Erik Qualman, Professor of Digital Marketing, Hult Business School, Author, Socialnomics
1. Have you seen any brands that truly have visionary senior executives when it comes to brand advocacy and social adoption?
Some of the most visionary senior executives include Tony Hsieh at Zappos, Ragy Thomas at Sprinklr, Dave Kerpen at Likeable Local, Julia Hartz and Kevin Hartz at Eventbrite, Angel Martinez at Deckers Outdoor, Mark Stanley at Sony PlayStation, Jill Puleri at IBM, and Lyndon Lea at Lion Capital. For example, when you look at Hsieh, he allows all of his employees access to the Zappos social media accounts. His thought process is this: we at Zappos trust our employees and in turn they don't belie this trust. If you look at Dave Kerpen at Likeable Local, he and his wife Carrie are already using Snapchat to recruit young talent, which is far ahead of the social technology curve for most companies.
2. How is brand advocacy different on Facebook vs. Twitter?
On Facebook, advocates can share deeper thoughts. The tool lends itself to longer posts, images and video. More than just the ability to share deeper content, Facebook also lends itself to deeper relationships, so advocates on Facebook generally have stronger relationships with friends than an advocate on Twitter has with his/her followers.

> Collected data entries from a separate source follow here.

lemma w0_partially_differentiable: "partially_differentiable w0 x p"
  unfolding partially_differentiable_def
  using differentiableI_vector[OF w0_has_derivative_x[OF x_nonzero]]
    differentiableI_vector[OF w0_has_derivative_p[OF p_nonzero]] by blast

lemma w1_partially_differentiable: "partially_differentiable w1 x p"
  unfolding partially_differentiable_def
  using differentiableI_vector[OF w1_has_derivative_x[OF x_nonzero]]
    differentiableI_vector[OF w1_has_derivative_p[OF p_nonzero]] by blast

text \<open>An opaque name for \<open>1 / norm x\<close>, so that \<open>algebra\<close> treats it as an atom subject
  only to \<open>inv_norm_x * norm x = 1\<close>.\<close>

definition inv_norm_x :: real where "inv_norm_x = inverse (norm x)"

lemma inv_norm_x_mult: "inv_norm_x * norm x = 1"
  using x_nonzero by (simp add: inv_norm_x_def)

lemma divide_norm_x: "t / norm x = t * inv_norm_x"
  by (simp add: inv_norm_x_def divide_inverse)

lemmas constraint_relations = inner_coords norm_x_coords norm_p_coords inv_norm_x_mult

lemmas partials =
  dX_eqI[OF w0_has_derivative_x[OF x_nonzero]] dP_eqI[OF w0_has_derivative_p[OF p_nonzero]]
  dX_eqI[OF w1_has_derivative_x[OF x_nonzero]] dP_eqI[OF w1_has_derivative_p[OF p_nonzero]]
  dX_cnjf_eqI[OF w0_has_derivative_x[OF x_nonzero]] dP_cnjf_eqI[OF w0_has_derivative_p[OF p_nonzero]]
  dX_cnjf_eqI[OF w1_has_derivative_x[OF x_nonzero]] dP_cnjf_eqI[OF w1_has_derivative_p[OF p_nonzero]]
  dX_eqI[OF phi1_has_derivative_x] dP_eqI[OF phi1_has_derivative_p]
  dX_eqI[OF phi2_has_derivative_x[OF x_nonzero]] dP_eqI[OF phi2_has_derivative_p[OF p_nonzero]]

Twitter is an effective broadcast platform, but doesn't have the same advocacy depth as Facebook due to the short posts and public nature of the platform/followers.
3. What brands and people would you consider yourself an advocate of?
I advocate for strong brands and people like Zappos, Likeable Media, Uber, Warby Parker, U.S. Global Entry, Michigan State University, Amazon Prime, McCombs School of Business, Gary Vaynerchuk, Guy Kawasaki, Shark Tank and Michael Parrish DuDell.
U.S. Global Entry doesn't sound sexy, but it sure as heck is sexy when it only takes me three minutes to enter the country instead of three hours. They excel at being consistent; with them, I don't have to fill out the re-entry form and the longest I've ever waited in line upon my return is five minutes. Better still is that they smile and treat me like I'm staying at the Four Seasons rather than going through the brow beating questions I used to face.
4. What do you consider the main difference between advocacy and influence?
The main difference between advocacy and influence is the share of voice each has access to. There are a limited number of influencers - these are your top thought leaders. On the other hand, there is no limit to the number of advocates a brand might have.
Advocates have influence, but not at the initial scale of an influencer/thought leader. What it comes down to is that both influencers and advocates are crucial to a successful program. If a company is able to earn accolades from a handful of influencers and hundreds of advocates, then they are positioning themselves for great success and an improved bottom line.